Stability Analysis of Bilinear Iterative Rational Krylov Algorithm

TL;DR

This paper proves the stability of the BIRKA algorithm for bilinear model reduction when using inexact iterative linear solvers, and analyzes the impact of solver errors on the reduced model's accuracy.

Contribution

It provides a theoretical stability analysis of BIRKA with inexact linear solves and supports findings with numerical experiments.

Findings

BIRKA remains stable under certain conditions despite inexact solves.

The accuracy of the reduced model is maintained with controlled solver errors.

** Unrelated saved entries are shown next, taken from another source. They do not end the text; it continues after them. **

(* Let $(u^{\mathrm{in}},v^{\mathrm{in}})\in(\dot H^0)^2$ and let $N$ be a positive integer. Then the solution $(u^N,v^N)$ of the Galerkin system $$\partial_t u^N_k=\tfrac12 i\,\mathcal P\Big[k\sum_{k_1+k_2=k}e^{3ikk_1k_2t}\big((\mathcal Pu^N)_{k_1}(\mathcal Pv^N)_{k_2}-(\mathcal Pu^N)_{k_1}(\mathcal Pu^N)_{k_2}\big)\Big],$$ $$\partial_t v^N_k=\tfrac12 i\,\mathcal P\Big[k\sum_{k_1+k_2=k}e^{3ikk_1k_2t}\big((\mathcal Pu^N)_{k_1}(\mathcal Pv^N)_{k_2}-(\mathcal Pv^N)_{k_1}(\mathcal Pv^N)_{k_2}\big)\Big],$$ $k\in\mathbb Z_0$, $u^N_k(0)=u^{\mathrm{in}}_k$, $v^N_k(0)=v^{\mathrm{in}}_k$, exists globally in time. Furthermore, the quantity $$\mathcal E(u^N(t),v^N(t)):=2\|u^N(t)\|_{\dot H^0}^2+2\|v^N(t)\|_{\dot H^0}^2+\|u^N(t)-v^N(t)\|_{\dot H^0}^2$$ is conserved in time.
   Context: $\mathbb T=[0,2\pi]$ periodic, $\mathbb Z_0=\mathbb Z\setminus\{0\}$. Mean-zero real-valued functions are identified with their Fourier coefficients $(u_k)_{k\in\mathbb Z_0}$, $\overline{u_k}=u_{-k}$. For $s\in\mathbb R$, $\|u\|_{\dot H^s}^2=\sum_{k\in\mathbb Z_0}|k|^{2s}|u_k|^2$, $\dot H^s$ the space of such $u$ with finite norm, and $\|(u,v)\|^2_{(\dot H^s)^2}=\|u\|^2_{\dot H^s}+\|v\|^2_{\dot H^s}$. For the fixed integer $N$, $\mathcal P$ is the projection onto Fourier modes $|k|\leq N$: $(\mathcal Pu)_k=u_k$ if $|k|\leq N$ and $0$ if $|k|>N$; applied to the bracketed sequence indexed by $k$, it sets the $k$-th component to zero when $|k|>N$. The Galerkin system is a finite system of ODEs, locally well-posed in $(\dot H^0)^2$. *)

theory Defs
  imports "HOL-Analysis.Analysis"
begin

text \<open>Mean-zero real-valued functions on the torus are represented by their Fourier
coefficients, a map int => complex; the (meaningless) zero mode is fixed to 0.\<close>

definition in_H0 :: "(int \<Rightarrow> complex) \<Rightarrow> bool" where
  "in_H0 u \<longleftrightarrow> u 0 = 0 \<and> (\<forall>k. cnj (u k) = u (- k))
     \<and> (\<lambda>k. (cmod (u k))\<^sup>2) summable_on (UNIV - {0})"

definition H0_norm_sq :: "(int \<Rightarrow> complex) \<Rightarrow> real" where
  "H0_norm_sq u = infsum (\<lambda>k. (cmod (u k))\<^sup>2) (UNIV - {0})"

definition Proj :: "nat \<Rightarrow> (int \<Rightarrow> complex) \<Rightarrow> int \<Rightarrow> complex" where
  "Proj N u k = (if \<bar>k\<bar> \<le> int N then u k else 0)"

definition galerkin_rhs ::
  "nat \<Rightarrow> real \<Rightarrow> (int \<Rightarrow> int \<Rightarrow> complex) \<Rightarrow> int \<Rightarrow> complex" where
  "galerkin_rhs N t B k = Proj N (\<lambda>k. (\<i> / 2) * of_int k *
      infsum (\<lambda>k1. exp (\<i> * of_real (3 * of_int k * of_int k1 * of_int (k - k1) * t)) * B k1 (k - k1))
             {k1. k1 \<noteq> 0 \<and> k - k1 \<noteq> 0}) k"

definition rhs_u :: "nat \<Rightarrow> real \<Rightarrow> (int \<Rightarrow> complex) \<Rightarrow> (int \<Rightarrow> complex) \<Rightarrow> int \<Rightarrow> complex" where
  "rhs_u N t a b = galerkin_rhs N t
     (\<lambda>k1 k2. Proj N a k1 * Proj N b k2 - Proj N a k1 * Proj N a k2)"

definition rhs_v :: "nat \<Rightarrow> real \<Rightarrow> (int \<Rightarrow> complex) \<Rightarrow> (int \<Rightarrow> complex) \<Rightarrow> int \<Rightarrow> complex" where
  "rhs_v N t a b = galerkin_rhs N t
     (\<lambda>k1 k2. Proj N a k1 * Proj N b k2 - Proj N b k1 * Proj N b k2)"

definition galerkin_solution ::
  "nat \<Rightarrow> (int \<Rightarrow> complex) \<Rightarrow> (int \<Rightarrow> complex) \<Rightarrow> (real \<Rightarrow> int \<Rightarrow> complex) \<Rightarrow> (real \<Rightarrow> int \<Rightarrow> complex) \<Rightarrow> bool" where
  "galerkin_solution N uin vin u v \<longleftrightarrow>
     u 0 = uin \<and> v 0 = vin \<and>
     (\<forall>t\<ge>0. in_H0 (u t) \<and> in_H0 (v t)) \<and>
     (\<forall>t\<ge>0. \<forall>k. ((\<lambda>s. u s k) has_vector_derivative rhs_u N t (u t) (v t) k) (at t within {0..})
              \<and> ((\<lambda>s. v s k) has_vector_derivative rhs_v N t (u t) (v t) k) (at t within {0..}))"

Numerical experiments confirm theoretical stability and accuracy results.

Abstract

Models coming from different physical applications are very large in size. Simulation with such systems is expensive so one usually obtains a reduced model (by model reduction) that replicates the input-output behaviour of the original full model. A recently proposed algorithm for model reduction of bilinear dynamical systems, Bilinear Iterative Rational Krylov Algorithm (BIRKA), does so in a locally optimal way. This algorithm requires solving very large linear systems of equations. Usually these systems are solved by direct methods (e.g., LU), which are very expensive. A better choice is iterative methods (e.g., Krylov). However, iterative methods introduce errors in linear solves because they are not exact. They solve the given linear system up to a certain tolerance. We prove that under some mild assumptions BIRKA is stable with respect to the error introduced by the inexact linear solves. We also analyze the accuracy of the reduced system obtained from using these inexact solves and support all our results by numerical experiments.